8-K 1 j1034_8k.htm 8-K Prepared by MerrillDirect


SECURITIES AND EXCHANGE COMMISSION
WASHINGTON, D.C. 20549

FORM 8-K

CURRENT REPORT
PURSUANT TO SECTION 13 OR 15(D) OF
THE SECURITIES EXCHANGE ACT OF 1934

Date of Report (Date of earliest event reported): August 1, 2001

Beazer Homes USA, Inc.
(Exact name of registrant as specified in its charter)
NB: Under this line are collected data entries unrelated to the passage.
definition L_less :: "('a, 'b) monoid_scheme \<Rightarrow> 'a \<Rightarrow> 'a \<Rightarrow> bool" where
  "L_less M a b \<longleftrightarrow> L_le M a b \<and> \<not> L_le M b a"

definition L_equiv :: "('a, 'b) monoid_scheme \<Rightarrow> 'a \<Rightarrow> 'a \<Rightarrow> bool" where
  "L_equiv M a b \<longleftrightarrow> L_le M a b \<and> L_le M b a"

text \<open>A chain (n_k <_L ... <_L n_0 = 1) is the list [n_k, ..., n_0] (leftmost term first).\<close>
definition rh_chain :: "('a, 'b) monoid_scheme \<Rightarrow> 'a list \<Rightarrow> bool" where
  "rh_chain M cs \<longleftrightarrow> cs \<noteq> [] \<and> set cs \<subseteq> carrier M \<and> last cs = \<one>\<^bsub>M\<^esub>
      \<and> successively (L_less M) cs"

fun lm :: "('a, 'b) monoid_scheme \<Rightarrow> 'a list \<Rightarrow> 'a list" where
  "lm M [] = []"
| "lm M [x] = [x]"
| "lm M (x # y # zs) = (if L_equiv M x y then lm M (x # zs) else x # lm M (y # zs))"

definition rh_mult :: "('a, 'b) monoid_scheme \<Rightarrow> 'a list \<Rightarrow> 'a list \<Rightarrow> 'a list" where
  "rh_mult M \<sigma> \<tau> = lm M (map (\<lambda>n. n \<otimes>\<^bsub>M\<^esub> hd \<tau>) (butlast \<sigma>) @ \<tau>)"

definition Rh :: "('a, 'b) monoid_scheme \<Rightarrow> 'a list monoid" where
  "Rh M = \<lparr> carrier = {cs. rh_chain M cs}, mult = rh_mult M, one = [\<one>\<^bsub>M\<^esub>] \<rparr>"

inductive_set rh_gen_set :: "('a, 'b) monoid_scheme \<Rightarrow> 'x set \<Rightarrow> ('x \<Rightarrow> 'a) \<Rightarrow> 'a list set"
  for M X g where
  rg_one: "[\<one>\<^bsub>M\<^esub>] \<in> rh_gen_set M X g"
| rg_gen: "x \<in> X \<Longrightarrow> [g x, \<one>\<^bsub>M\<^esub>] \<in> rh_gen_set M X g"
| rg_mult: "\<sigma> \<in> rh_gen_set M X g \<Longrightarrow> \<tau> \<in> rh_gen_set M X g \<Longrightarrow> rh_mult M \<sigma> \<tau> \<in> rh_gen_set M X g"

definition RhX :: "('a, 'b) monoid_scheme \<Rightarrow> 'x set \<Rightarrow> ('x \<Rightarrow> 'a) \<Rightarrow> 'a list monoid" where
  "RhX M X g = (Rh M) \<lparr> carrier := rh_gen_set M X g \<rparr>"

end

theory Submission
  imports Defs
begin

(* Send a word w over X to its suffix chain: the list of Burnside classes of all
   suffixes of w, longest first, with each block of L-equivalent consecutive classes collapsed
   to its first element by lm.  Since w = t s makes [s] an L-upper bound of [w], this is a chain
   ending in the class of the empty word, i.e. an element of Rh(B^I_X(p,q)).

   With these, the suffix chain is shown to be a monoid morphism from
   words into Rh (suffix_chain_append), to identify the two sides of every defining relation
   u^(p+q) = u^p (suffix_chain_relation), to have the class of w as leftmost term, and to send a
   letter x to the generator (x <_L 1).  Hence it descends to B^I_X(p,q) as an injective
   morphism whose image is exactly Rh_X, which is the theorem.  Only p >= 1 is used: it
   guarantees that the class of a nonempty word is never L-equivalent to the identity
   (for q = 0 the defining relations are trivial). *)

section \<open>The L-preorder of a monoid\<close>

lemma L_le_refl: "monoid M \<Longrightarrow> a \<in> carrier M \<Longrightarrow> L_le M a a"
  unfolding L_le_def by (metis monoid.l_one monoid.one_closed)

lemma L_le_trans: "monoid M \<Longrightarrow> a \<in> carrier M \<Longrightarrow> b \<in> carrier M \<Longrightarrow> c \<in> carrier M
  \<Longrightarrow> L_le M a b \<Longrightarrow> L_le M b c \<Longrightarrow> L_le M a c"
  unfolding L_le_def by (metis monoid.m_assoc monoid.m_closed)

lemma L_equiv_refl: "monoid M \<Longrightarrow> a \<in> carrier M \<Longrightarrow> L_equiv M a a"
  by (simp add: L_equiv_def L_le_refl)

lemma L_equiv_trans: "monoid M \<Longrightarrow> a \<in> carrier M \<Longrightarrow> b \<in> carrier M \<Longrightarrow> c \<in> carrier M
  \<Longrightarrow> L_equiv M a b \<Longrightarrow> L_equiv M b c \<Longrightarrow> L_equiv M a c"
  unfolding L_equiv_def by (meson L_le_trans)

lemma L_le_rmult: "monoid M \<Longrightarrow> a \<in> carrier M \<Longrightarrow> b \<in> carrier M \<Longrightarrow> m \<in> carrier M
  \<Longrightarrow> L_le M a b \<Longrightarrow> L_le M (a \<otimes>\<^bsub>M\<^esub> m) (b \<otimes>\<^bsub>M\<^esub> m)"
  unfolding L_le_def by (metis monoid.m_assoc)

lemma L_equiv_rmult: "monoid M \<Longrightarrow> a \<in> carrier M \<Longrightarrow> b \<in> carrier M \<Longrightarrow> m \<in> carrier M
  \<Longrightarrow> L_equiv M a b \<Longrightarrow> L_equiv M (a \<otimes>\<^bsub>M\<^esub> m) (b \<otimes>\<^bsub>M\<^esub> m)"
  unfolding L_equiv_def by (simp add: L_le_rmult)

section \<open>Collapsing L-blocks with lm\<close>

lemma lm_Cons: "\<exists>t. lm M (x # xs) = x # t"
  by (induction xs arbitrary: x) auto

lemma lm_absorb: "\<forall>s\<in>set S. L_equiv M z s \<Longrightarrow> lm M (z # S @ ys) = lm M (z # ys)"
  by (induction S) auto

lemma lm_drop_equiv:
  assumes "monoid M" "z \<in> carrier M" "y \<in> carrier M" "w \<in> carrier M" "L_equiv M y w"
  shows "lm M (z # y # w # r) = lm M (z # y # r)"
proof (cases "L_equiv M z y")
  case True
  then have "L_equiv M z w" using assms L_equiv_trans by metis
  then show ?thesis using True by simp
qed (use assms in simp)

text \<open>lm keeps a term exactly when it is not L-equivalent to the last term kept; hence a final
  term L-inequivalent to all others survives.\<close>
lemma lm_snoc: "\<forall>y\<in>set (x # xs). \<not> L_equiv M y e \<Longrightarrow> lm M (x # xs @ [e]) = lm M (x # xs) @ [e]"
  by (induction xs arbitrary: x) auto

text \<open>Maps on a monoid that preserve L-equivalence, such as right translations.  Through
  such a map, collapsing a sublist first does not change the final result of lm.\<close>
locale L_equiv_map =
  fixes M :: "('a, 'b) monoid_scheme" and f :: "'a \<Rightarrow> 'a"
  assumes monoid: "monoid M"
    and closed: "\<And>a. a \<in> carrier M \<Longrightarrow> f a \<in> carrier M"
    and preserves: "\<And>a b. a \<in> carrier M \<Longrightarrow> b \<in> carrier M \<Longrightarrow> L_equiv M a b
      \<Longrightarrow> L_equiv M (f a) (f b)"
begin

text \<open>The statement behind a fixed head z, in the form needed for induction.\<close>
lemma lm_map_lm_Cons:
  "set (y # zs) \<subseteq> carrier M \<Longrightarrow> z \<in> carrier M \<Longrightarrow>
   lm M (z # map f (lm M (y # zs)) @ ys) = lm M (z # map f (y # zs) @ ys)"
proof (induction zs arbitrary: y z)
  case (Cons w zs)
  show ?case
  proof (cases "L_equiv M y w")
    case True
    then have "lm M (z # map f (lm M (y # w # zs)) @ ys) = lm M (z # map f (y # zs) @ ys)"
      using Cons by simp
    also have "\<dots> = lm M (z # map f (y # w # zs) @ ys)"
      using lm_drop_equiv[OF monoid, of z "f y" "f w"] Cons.prems closed preserves True by simp
    finally show ?thesis .
  next
    case False
    then show ?thesis using Cons closed by (cases "L_equiv M z (f y)") simp_all
  qed
qed simp

lemma lm_map_lm_prefix:
  "set xs \<subseteq> carrier M \<Longrightarrow> set ps \<subseteq> carrier M \<Longrightarrow> z \<in> carrier M \<Longrightarrow>
   lm M (z # ps @ map f (lm M xs) @ ys) = lm M (z # ps @ map f xs @ ys)"
proof (induction ps arbitrary: z)
  case Nil
  then show ?case using lm_map_lm_Cons by (cases xs) simp_all
next
  case (Cons w ps)
  then show ?case by (cases "L_equiv M z w") simp_all
qed

lemma lm_map_lm:
  assumes "set xs \<subseteq> carrier M"
  shows "lm M (map f (lm M xs) @ ys) = lm M (map f xs @ ys)"
proof (cases xs)
  case (Cons y r)
  obtain t where t: "lm M (y # r) = y # t" using lm_Cons[of M y r] by blast
  have fy: "f y \<in> carrier M" using assms Cons closed by simp
  have "lm M (f y # map f (lm M (y # r)) @ ys) = lm M (f y # map f (y # r) @ ys)"
    using lm_map_lm_Cons[of y r "f y" ys] assms Cons fy by simp
  then show ?thesis using t L_equiv_refl[OF monoid fy] Cons by simp
qed simp

end

lemma L_equiv_map_id: "monoid M \<Longrightarrow> L_equiv_map M id"
  by (simp add: L_equiv_map_def)

lemma L_equiv_map_rmult: "monoid M \<Longrightarrow> m \<in> carrier M \<Longrightarrow> L_equiv_map M (\<lambda>n. n \<otimes>\<^bsub>M\<^esub> m)"
  by (auto simp: L_equiv_map_def intro: monoid.m_closed L_equiv_rmult)

lemma lm_idem: "monoid M \<Longrightarrow> set xs \<subseteq> carrier M \<Longrightarrow> lm M (lm M xs) = lm M xs"
  using L_equiv_map.lm_map_lm[OF L_equiv_map_id, of M xs "[]"] by simp

lemma lm_append_lm: "monoid M \<Longrightarrow> set ys \<subseteq> carrier M \<Longrightarrow> set xs \<subseteq> carrier M \<Longrightarrow>
  lm M (xs @ lm M ys) = lm M (xs @ ys)"
  using L_equiv_map.lm_map_lm_prefix[OF L_equiv_map_id, of M ys _ _ "[]"]
  by (cases xs) (simp_all add: lm_idem)

section \<open>The Burnside congruence\<close>

context
  fixes X :: "'x set" and p q :: nat
begin

lemma burn_eq_lists: "burn_eq X p q u v \<Longrightarrow> u \<in> lists X \<and> v \<in> lists X"
  by (induction rule: burn_eq.induct) auto

lemma burn_eq_congl: "burn_eq X p q u v \<Longrightarrow> c \<in> lists X \<Longrightarrow> burn_eq X p q (c @ u) (c @ v)"
proof (induction rule: burn_eq.induct)
  case (brel u a b)
  then show ?case using burn_eq.brel[where X=X and p=p and q=q and u=u and a="c @ a" and b=b] by simp
next
  case (brefl w)
  then show ?case by (intro burn_eq.brefl) simp
qed (auto intro: burn_eq.intros)

lemma burn_eq_congr: "burn_eq X p q u v \<Longrightarrow> d \<in> lists X \<Longrightarrow> burn_eq X p q (u @ d) (v @ d)"
proof (induction rule: burn_eq.induct)
  case (brel u a b)
  then show ?case using burn_eq.brel[where X=X and p=p and q=q and u=u and a=a and b="b @ d"] by simp
next
  case (brefl w)
  then show ?case by (intro burn_eq.brefl) simp
qed (auto intro: burn_eq.intros)

lemma burn_eq_append: "burn_eq X p q u v \<Longrightarrow> burn_eq X p q u' v' \<Longrightarrow> burn_eq X p q (u @ u') (v @ v')"
  by (meson burn_eq.btrans burn_eq_congl burn_eq_congr burn_eq_lists)

lemma bclass_eq_iff: "u \<in> lists X \<Longrightarrow> bclass X p q u = bclass X p q v \<longleftrightarrow> burn_eq X p q u v"
  unfolding bclass_def by (auto intro: burn_eq.intros)

lemma bclass_eqI: "burn_eq X p q u v \<Longrightarrow> bclass X p q u = bclass X p q v"
  using bclass_eq_iff burn_eq_lists by blast

lemma BI_mult_bclass: "a \<in> lists X \<Longrightarrow> b \<in> lists X \<Longrightarrow>
  bclass X p q a \<otimes>\<^bsub>BI X p q\<^esub> bclass X p q b = bclass X p q (a @ b)"
  unfolding BI_def bclass_def by (auto intro: burn_eq.intros burn_eq_append)

lemma BI_carrier: "carrier (BI X p q) = bclass X p q ` lists X"
  by (simp add: BI_def)

lemma BI_one: "\<one>\<^bsub>BI X p q\<^esub> = bclass X p q []"
  by (simp add: BI_def)

lemma BI_monoid: "monoid (BI X p q)"
proof
  fix x y assume "x \<in> carrier (BI X p q)" "y \<in> carrier (BI X p q)"
  then obtain a b where "a \<in> lists X" "b \<in> lists X" "x = bclass X p q a" "y = bclass X p q b"
    by (auto simp: BI_carrier)
  then show "x \<otimes>\<^bsub>BI X p q\<^esub> y \<in> carrier (BI X p q)"
    by (simp add: BI_carrier BI_mult_bclass)
next
  fix x y z assume "x \<in> carrier (BI X p q)" "y \<in> carrier (BI X p q)" "z \<in> carrier (BI X p q)"
  then obtain a b c where "a \<in> lists X" "b \<in> lists X" "c \<in> lists X"
    "x = bclass X p q a" "y = bclass X p q b" "z = bclass X p q c"
    by (auto simp: BI_carrier)
  then show "x \<otimes>\<^bsub>BI X p q\<^esub> y \<otimes>\<^bsub>BI X p q\<^esub> z = x \<otimes>\<^bsub>BI X p q\<^esub> (y \<otimes>\<^bsub>BI X p q\<^esub> z)"
    by (simp add: BI_mult_bclass)
next
  fix x assume "x \<in> carrier (BI X p q)"
  then obtain a where "a \<in> lists X" "x = bclass X p q a" by (auto simp: BI_carrier)
  then show "\<one>\<^bsub>BI X p q\<^esub> \<otimes>\<^bsub>BI X p q\<^esub> x = x" "x \<otimes>\<^bsub>BI X p q\<^esub> \<one>\<^bsub>BI X p q\<^esub> = x"
    using BI_mult_bclass[of a "[]"] BI_mult_bclass[of "[]" a] by (simp_all add: BI_one)
qed (auto simp: BI_carrier BI_one)

lemma burn_eq_Nil: "burn_eq X p q u v \<Longrightarrow> 1 \<le> p \<Longrightarrow> (u = []) = (v = [])"
  by (induction rule: burn_eq.induct) auto

end

fun sufs :: "'a list \<Rightarrow> 'a list list" where
  "sufs [] = [[]]"
| "sufs (x # w) = (x # w) # sufs w"

fun sufs_ne :: "'a list \<Rightarrow> 'a list list" where
  "sufs_ne [] = []"
| "sufs_ne (x # w) = (x # w) # sufs_ne w"

lemma sufs_eq_sufs_ne: "sufs w = sufs_ne w @ [[]]"
  by (induction w) auto

lemma sufs_append: "sufs (a @ b) = map (\<lambda>s. s @ b) (sufs_ne a) @ sufs b"
  by (induction a) auto

lemma sufs_hd: "sufs w = w # tl (sufs w)"
  by (cases w) auto

lemma sufs_ne_suffix: "s \<in> set (sufs_ne w) \<Longrightarrow> \<exists>t. w = t @ s"
  by (induction w) (auto simp: Cons_eq_append_conv)

lemma sufs_ne_nonempty: "s \<in> set (sufs_ne w) \<Longrightarrow> s \<noteq> []"
  by (induction w) auto

lemma sufs_suffix: "s \<in> set (sufs w) \<Longrightarrow> \<exists>t. w = t @ s"
  by (induction w) (auto simp: Cons_eq_append_conv)

section \<open>The suffix chain of a word\<close>

context
  fixes X :: "'x set" and p q :: nat
begin

abbreviation (input) "cls \<equiv> bclass X p q"
abbreviation (input) "B \<equiv> BI X p q"

definition suffix_chain :: "'x list \<Rightarrow> 'x list set list" where
  "suffix_chain w = lm B (map cls (sufs w))"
Delaware 001-12822 58-2086934
(State or other jurisdiction (Commission (IRS Employer
of incorporation) File Number) Identification No.)

 

5775 Peachtree Dunwoody Road, Suite B-200, Atlanta, Georgia 30342
(Address of Principal Executive Offices)
 
(404) 250-3420
(Registrant’s telephone number, including area code)
 
Not Applicable
(Former name or former address, if changed since last report)

 



 

Item 2.  Acquisition or Disposition of Assets

             On August 1, 2001, Beazer Homes USA, Inc. (the “Company” or “Beazer”), through its wholly-owned subsidiary, Beazer Homes Holdings Corp. (“Holdings”), completed its acquisition of the homebuilding operations of Sanford Homes of Colorado.  The transaction occurred pursuant to an Agreement for Sale and Purchase of Assets and Stock by and among Beazer, Holdings, Sanford Homes of Colorado, LLLP (“SHOC”), Charles H. Sanford III, Linda A. Elliott and April Corporation (“April”).  Pursuant to this agreement, Beazer, through Holdings, acquired certain operational assets and liabilities of SHOC and all of the capital stock of April.  The April stock was acquired from trusts maintained for the benefit of Charles H. Sanford III and Linda A. Elliot.

             The aggregate purchase price paid in the Sanford Homes acquisition was approximately $66 million dollars including the assumption of liabilities aggregating approximately $35.5 million.  The purchase price is subject to possible adjustment, which we expect to be finalized by September 30, 2001. The cash portion of the purchase price was funded from borrowings under Beazer’s $250 million revolving credit facility and cash flow from operations.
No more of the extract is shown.